=== Task item ===
Copy out the final stretch of the listing: the line that contains "composition (cmp g" and all lines after it, exactly as they appear.

=== Source information ===
================================
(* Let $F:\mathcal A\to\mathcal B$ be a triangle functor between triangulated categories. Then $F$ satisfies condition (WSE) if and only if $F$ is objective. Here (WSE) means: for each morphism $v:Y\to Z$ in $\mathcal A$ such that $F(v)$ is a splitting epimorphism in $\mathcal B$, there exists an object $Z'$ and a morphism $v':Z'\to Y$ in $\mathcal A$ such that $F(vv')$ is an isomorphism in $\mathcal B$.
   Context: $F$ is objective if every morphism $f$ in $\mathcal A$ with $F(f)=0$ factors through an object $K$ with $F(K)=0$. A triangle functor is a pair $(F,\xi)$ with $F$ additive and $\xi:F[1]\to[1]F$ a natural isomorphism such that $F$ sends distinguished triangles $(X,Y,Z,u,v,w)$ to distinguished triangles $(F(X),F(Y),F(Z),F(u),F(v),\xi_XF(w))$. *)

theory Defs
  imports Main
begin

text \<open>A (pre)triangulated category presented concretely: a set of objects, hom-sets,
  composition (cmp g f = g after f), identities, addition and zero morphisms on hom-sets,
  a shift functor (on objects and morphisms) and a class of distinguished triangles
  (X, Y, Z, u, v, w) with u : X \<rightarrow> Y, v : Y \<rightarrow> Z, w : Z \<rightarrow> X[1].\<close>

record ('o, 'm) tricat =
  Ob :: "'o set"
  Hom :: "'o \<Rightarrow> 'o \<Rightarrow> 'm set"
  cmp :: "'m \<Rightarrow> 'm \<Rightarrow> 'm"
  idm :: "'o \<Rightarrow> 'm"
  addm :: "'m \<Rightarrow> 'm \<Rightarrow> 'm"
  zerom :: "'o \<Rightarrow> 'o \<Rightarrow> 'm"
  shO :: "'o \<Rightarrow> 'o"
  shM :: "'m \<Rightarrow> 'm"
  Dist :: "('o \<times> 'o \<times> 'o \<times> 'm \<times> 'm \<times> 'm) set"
================================
=== Result ===
  composition (cmp g f = g after f), identities, addition and zero morphisms on hom-sets,
  a shift functor (on objects and morphisms) and a class of distinguished triangles
  (X, Y, Z, u, v, w) with u : X \<rightarrow> Y, v : Y \<rightarrow> Z, w : Z \<rightarrow> X[1].\<close>

record ('o, 'm) tricat =
  Ob :: "'o set"
  Hom :: "'o \<Rightarrow> 'o \<Rightarrow> 'm set"
  cmp :: "'m \<Rightarrow> 'm \<Rightarrow> 'm"
  idm :: "'o \<Rightarrow> 'm"
  addm :: "'m \<Rightarrow> 'm \<Rightarrow> 'm"
  zerom :: "'o \<Rightarrow> 'o \<Rightarrow> 'm"
  shO :: "'o \<Rightarrow> 'o"
  shM :: "'m \<Rightarrow> 'm"
  Dist :: "('o \<times> 'o \<times> 'o \<times> 'm \<times> 'm \<times> 'm) set"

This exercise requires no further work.